An entrepreneurial mind-set is visioning yourself as an organisation where you trade your skill set for financial growth, commercial exposure, and career visibility. In times where the market is becoming more disruptive, it’s imperative that you’re selling your business effectively to your boss, potential employer, or target audience as a hybrid solutions provider.
So, what is a hybrid-Solutions Provider?
A hybrid solutions provider is someone who can solve a range of problems. This doesn’t mean you have to be a Jack or Jill of all trades; it means you’re a resourceful asset that can leverage expertise, networks, and market research to contribute to the bigger picture of your organisation.
People always remember the experience; they remember how you made them feel, and that impression creates a reputation that goes before with you and speaks for you in rooms where you are not present. Organisations also remember the value you brought to the team, and the tangible results that impacted their growth. The result of this, as a consumer, is that you will return for repeat business; as an employee, the opportunities for career growth will be apparent; and as a business, you would have created visibility through word of mouth because of the excellent delivery of the customer’s experience.
Entrepreneurial vs. ‘Business as Usual’ perspective?
Both ways of career progressions are valid, the definitive difference is just that one is active and the other is reactive. “Business as Usual” professionals engage with situations and progression as and when they are presented with the scenario. They are usually forced to upscale their technical skills when they can see that it is essential to stay relevant. A professional with an entrepreneurial mindset has a pulse on the market, they foresee and develop an eye for a sought-after skill before it becomes evident to everybody else. They actively invest in their understanding, and leverage on that skill while it is still considered as a rare or sought-after skill.

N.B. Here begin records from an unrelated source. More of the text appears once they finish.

(* Let $a>0$ and let $L_2=a\mathbb{Z}^3\cup a(\mathbb{Z}+\tfrac12)^3\cup W$. The Voronoi cell of the origin with respect to $L_2$ is the tetrakis hexahedron $$\operatorname{conv}\Big(\{(\pm\tfrac{5a}{24},\pm\tfrac{5a}{24},\pm\tfrac{5a}{24})\}\cup\{(\pm\tfrac{5a}{16},0,0),(0,\pm\tfrac{5a}{16},0),(0,0,\pm\tfrac{5a}{16})\}\Big).$$ This is the cube $[-5a/24,5a/24]^3$ with a square pyramid of height $5a/48$ glued onto each of its six faces. Its volume is $$V^{(2)}_\Gamma=\frac{125}{1152}a^3 .$$ The same holds, after translation, for the Voronoi cell of every point of $a\mathbb{Z}^3\cup a(\mathbb{Z}+\tfrac12)^3$ with respect to $L_2$.
   Context: Fix $a>0$. $W\subset\mathbb{R}^3$ is the set of all points $a(u_1,u_2,u_3)$ such that $(u_1,u_2,u_3)$ is a permutation of a triple $(i,\ j+\tfrac12,\ k+\varepsilon)$ with $i,j,k\in\mathbb{Z}$ and $\varepsilon\in\{\tfrac14,\tfrac34\}$. For a discrete set $P\subset\mathbb{R}^3$ and $p\in P$, the Voronoi cell of $p$ with respect to $P$ is $\{x\in\mathbb{R}^3: |x-p|\le|x-q|\ \text{for all } q\in P\}$. *)

theory Defs
  imports "HOL-Analysis.Analysis"
begin

definition pt3 :: "real \<Rightarrow> real \<Rightarrow> real \<Rightarrow> real^3" where
  "pt3 x y z = vector [x, y, z]"

definition voronoi_cell :: "(real^3) set \<Rightarrow> real^3 \<Rightarrow> (real^3) set" where
  "voronoi_cell P p = {x. \<forall>q\<in>P. dist x p \<le> dist x q}"

definition cubic_lattice :: "real \<Rightarrow> (real^3) set" where
  "cubic_lattice a = {a *\<^sub>R pt3 (of_int i) (of_int j) (of_int k) | i j k. True}"

definition shifted_lattice :: "real \<Rightarrow> (real^3) set" where
  "shifted_lattice a =
     {a *\<^sub>R pt3 (of_int i + 1/2) (of_int j + 1/2) (of_int k + 1/2) | i j k. True}"

definition W_set :: "real \<Rightarrow> (real^3) set" where
  "W_set a = {a *\<^sub>R pt3 u1 u2 u3 | u1 u2 u3. \<exists>(i::int) (j::int) (k::int) (e::real).
      e \<in> {1/4, 3/4} \<and>
      (let x = of_int i; y = of_int j + 1/2; z = of_int k + e in
        (u1, u2, u3) \<in> {(x,y,z), (x,z,y), (y,x,z), (y,z,x), (z,x,y), (z,y,x)})}"

definition L2 :: "real \<Rightarrow> (real^3) set" where
  "L2 a = cubic_lattice a \<union> shifted_lattice a \<union> W_set a"

definition cube_vertices :: "real \<Rightarrow> (real^3) set" where
  "cube_vertices a = {pt3 (s1 * (5*a/24)) (s2 * (5*a/24)) (s3 * (5*a/24)) | s1 s2 s3.
      s1 \<in> {-1, 1} \<and> s2 \<in> {-1, 1} \<and> s3 \<in> {-1, 1}}"

definition apex_vertices :: "real \<Rightarrow> (real^3) set" where
  "apex_vertices a = {pt3 (5*a/16) 0 0, pt3 (-(5*a/16)) 0 0,
                      pt3 0 (5*a/16) 0, pt3 0 (-(5*a/16)) 0,
                      pt3 0 0 (5*a/16), pt3 0 0 (-(5*a/16))}"

definition tetrakis :: "real \<Rightarrow> (real^3) set" where
  "tetrakis a = convex hull (cube_vertices a \<union> apex_vertices a)"

definition central_cube :: "real \<Rightarrow> (real^3) set" where
  "central_cube a = {x. \<forall>i. \<bar>x $ i\<bar> \<le> 5*a/24}"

What does this mean? It means a professional can demand more money for this rare skill and the employer can leverage on this skill for larger market domination before their competitors get wind of it.
Creating a niche for yourself as a professional with an entrepreneurial mindset, is understanding that a circle was not made to fit into a square. Circles of different sizes are designed to fit into each other, and the same analogy can be said about your career.
As a square you are different, your attributes make you unique and that’s what differentiates you from other professionals. However, as a circle, whatever point you are in your career, you can redefine your aspirations to fit into a thriving environment, and that is the beauty of entrepreneurship; it allows you to reinvent yourself as many times as you want.
As long as the economy evolves, you should too, while staying true to your core.